» **INSTRUCTIONS TO FOLLOW**
In full and without deviation, reproduce the records that follow.

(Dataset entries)
• • • • •

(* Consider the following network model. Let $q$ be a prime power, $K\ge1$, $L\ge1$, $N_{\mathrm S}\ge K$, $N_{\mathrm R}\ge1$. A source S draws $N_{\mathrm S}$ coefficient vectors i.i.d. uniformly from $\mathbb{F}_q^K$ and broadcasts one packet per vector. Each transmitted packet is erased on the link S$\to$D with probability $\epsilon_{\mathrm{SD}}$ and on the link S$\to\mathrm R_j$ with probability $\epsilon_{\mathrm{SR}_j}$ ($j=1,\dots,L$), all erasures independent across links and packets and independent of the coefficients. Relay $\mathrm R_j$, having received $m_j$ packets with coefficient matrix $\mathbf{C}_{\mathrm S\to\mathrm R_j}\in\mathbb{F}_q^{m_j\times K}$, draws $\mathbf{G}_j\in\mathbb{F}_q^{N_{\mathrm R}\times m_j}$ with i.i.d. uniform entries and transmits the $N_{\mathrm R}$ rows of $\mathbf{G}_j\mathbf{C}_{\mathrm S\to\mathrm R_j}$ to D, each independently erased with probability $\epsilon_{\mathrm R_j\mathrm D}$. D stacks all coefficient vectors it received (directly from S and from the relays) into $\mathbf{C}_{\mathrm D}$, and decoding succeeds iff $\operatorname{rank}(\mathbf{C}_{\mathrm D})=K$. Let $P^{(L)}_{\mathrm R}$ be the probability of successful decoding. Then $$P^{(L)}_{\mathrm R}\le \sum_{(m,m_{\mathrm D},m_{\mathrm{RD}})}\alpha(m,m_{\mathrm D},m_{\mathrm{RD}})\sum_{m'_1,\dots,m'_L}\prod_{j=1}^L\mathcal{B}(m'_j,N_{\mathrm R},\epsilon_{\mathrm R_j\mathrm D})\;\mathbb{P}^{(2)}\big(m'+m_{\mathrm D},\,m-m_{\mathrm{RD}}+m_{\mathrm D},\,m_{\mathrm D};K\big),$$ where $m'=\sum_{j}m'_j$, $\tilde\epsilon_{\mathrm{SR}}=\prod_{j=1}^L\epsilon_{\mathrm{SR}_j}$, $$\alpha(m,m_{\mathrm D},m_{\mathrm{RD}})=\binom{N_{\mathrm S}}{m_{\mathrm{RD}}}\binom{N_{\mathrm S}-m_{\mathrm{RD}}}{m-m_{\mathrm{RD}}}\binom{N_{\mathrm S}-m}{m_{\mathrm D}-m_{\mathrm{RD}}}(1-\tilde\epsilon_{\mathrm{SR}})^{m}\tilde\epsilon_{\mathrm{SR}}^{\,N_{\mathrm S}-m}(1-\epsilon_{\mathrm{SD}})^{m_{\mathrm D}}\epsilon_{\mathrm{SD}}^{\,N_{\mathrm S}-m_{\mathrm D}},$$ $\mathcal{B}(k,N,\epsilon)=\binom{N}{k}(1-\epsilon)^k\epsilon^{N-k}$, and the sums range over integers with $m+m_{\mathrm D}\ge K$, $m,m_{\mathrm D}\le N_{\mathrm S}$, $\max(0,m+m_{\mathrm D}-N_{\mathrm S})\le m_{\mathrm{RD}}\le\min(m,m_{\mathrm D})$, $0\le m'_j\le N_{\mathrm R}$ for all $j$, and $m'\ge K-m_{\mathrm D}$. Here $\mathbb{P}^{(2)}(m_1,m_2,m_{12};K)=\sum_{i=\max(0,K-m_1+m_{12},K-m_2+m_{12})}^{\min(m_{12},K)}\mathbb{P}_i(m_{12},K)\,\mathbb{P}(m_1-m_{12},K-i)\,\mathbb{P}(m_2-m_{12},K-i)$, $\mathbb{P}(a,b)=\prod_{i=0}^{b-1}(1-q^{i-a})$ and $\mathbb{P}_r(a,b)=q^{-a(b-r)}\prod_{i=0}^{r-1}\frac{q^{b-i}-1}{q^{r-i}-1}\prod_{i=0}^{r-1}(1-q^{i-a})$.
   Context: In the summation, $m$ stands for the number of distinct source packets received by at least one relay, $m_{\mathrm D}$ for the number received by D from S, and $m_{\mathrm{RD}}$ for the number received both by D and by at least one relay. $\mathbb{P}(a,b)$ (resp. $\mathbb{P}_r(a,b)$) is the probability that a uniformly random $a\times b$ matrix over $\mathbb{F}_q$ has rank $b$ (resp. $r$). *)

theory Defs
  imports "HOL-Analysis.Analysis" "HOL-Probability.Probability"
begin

• • • • •

» **SOLUTION FOR THIS EXERCISE**
(* Consider the following network model. Let $q$ be a prime power, $K\ge1$, $L\ge1$, $N_{\mathrm S}\ge K$, $N_{\mathrm R}\ge1$. A source S draws $N_{\mathrm S}$ coefficient vectors i.i.d. uniformly from $\mathbb{F}_q^K$ and broadcasts one packet per vector. Each transmitted packet is erased on the link S$\to$D with probability $\epsilon_{\mathrm{SD}}$ and on the link S$\to\mathrm R_j$ with probability $\epsilon_{\mathrm{SR}_j}$ ($j=1,\dots,L$), all erasures independent across links and packets and independent of the coefficients. Relay $\mathrm R_j$, having received $m_j$ packets with coefficient matrix $\mathbf{C}_{\mathrm S\to\mathrm R_j}\in\mathbb{F}_q^{m_j\times K}$, draws $\mathbf{G}_j\in\mathbb{F}_q^{N_{\mathrm R}\times m_j}$ with i.i.d. uniform entries and transmits the $N_{\mathrm R}$ rows of $\mathbf{G}_j\mathbf{C}_{\mathrm S\to\mathrm R_j}$ to D, each independently erased with probability $\epsilon_{\mathrm R_j\mathrm D}$. D stacks all coefficient vectors it received (directly from S and from the relays) into $\mathbf{C}_{\mathrm D}$, and decoding succeeds iff $\operatorname{rank}(\mathbf{C}_{\mathrm D})=K$. Let $P^{(L)}_{\mathrm R}$ be the probability of successful decoding. Then $$P^{(L)}_{\mathrm R}\le \sum_{(m,m_{\mathrm D},m_{\mathrm{RD}})}\alpha(m,m_{\mathrm D},m_{\mathrm{RD}})\sum_{m'_1,\dots,m'_L}\prod_{j=1}^L\mathcal{B}(m'_j,N_{\mathrm R},\epsilon_{\mathrm R_j\mathrm D})\;\mathbb{P}^{(2)}\big(m'+m_{\mathrm D},\,m-m_{\mathrm{RD}}+m_{\mathrm D},\,m_{\mathrm D};K\big),$$ where $m'=\sum_{j}m'_j$, $\tilde\epsilon_{\mathrm{SR}}=\prod_{j=1}^L\epsilon_{\mathrm{SR}_j}$, $$\alpha(m,m_{\mathrm D},m_{\mathrm{RD}})=\binom{N_{\mathrm S}}{m_{\mathrm{RD}}}\binom{N_{\mathrm S}-m_{\mathrm{RD}}}{m-m_{\mathrm{RD}}}\binom{N_{\mathrm S}-m}{m_{\mathrm D}-m_{\mathrm{RD}}}(1-\tilde\epsilon_{\mathrm{SR}})^{m}\tilde\epsilon_{\mathrm{SR}}^{\,N_{\mathrm S}-m}(1-\epsilon_{\mathrm{SD}})^{m_{\mathrm D}}\epsilon_{\mathrm{SD}}^{\,N_{\mathrm S}-m_{\mathrm D}},$$ $\mathcal{B}(k,N,\epsilon)=\binom{N}{k}(1-\epsilon)^k\epsilon^{N-k}$, and the sums range over integers with $m+m_{\mathrm D}\ge K$, $m,m_{\mathrm D}\le N_{\mathrm S}$, $\max(0,m+m_{\mathrm D}-N_{\mathrm S})\le m_{\mathrm{RD}}\le\min(m,m_{\mathrm D})$, $0\le m'_j\le N_{\mathrm R}$ for all $j$, and $m'\ge K-m_{\mathrm D}$. Here $\mathbb{P}^{(2)}(m_1,m_2,m_{12};K)=\sum_{i=\max(0,K-m_1+m_{12},K-m_2+m_{12})}^{\min(m_{12},K)}\mathbb{P}_i(m_{12},K)\,\mathbb{P}(m_1-m_{12},K-i)\,\mathbb{P}(m_2-m_{12},K-i)$, $\mathbb{P}(a,b)=\prod_{i=0}^{b-1}(1-q^{i-a})$ and $\mathbb{P}_r(a,b)=q^{-a(b-r)}\prod_{i=0}^{r-1}\frac{q^{b-i}-1}{q^{r-i}-1}\prod_{i=0}^{r-1}(1-q^{i-a})$.
   Context: In the summation, $m$ stands for the number of distinct source packets received by at least one relay, $m_{\mathrm D}$ for the number received by D from S, and $m_{\mathrm{RD}}$ for the number received both by D and by at least one relay. $\mathbb{P}(a,b)$ (resp. $\mathbb{P}_r(a,b)$) is the probability that a uniformly random $a\times b$ matrix over $\mathbb{F}_q$ has rank $b$ (resp. $r$). *)

theory Defs
  imports "HOL-Analysis.Analysis" "HOL-Probability.Probability"
begin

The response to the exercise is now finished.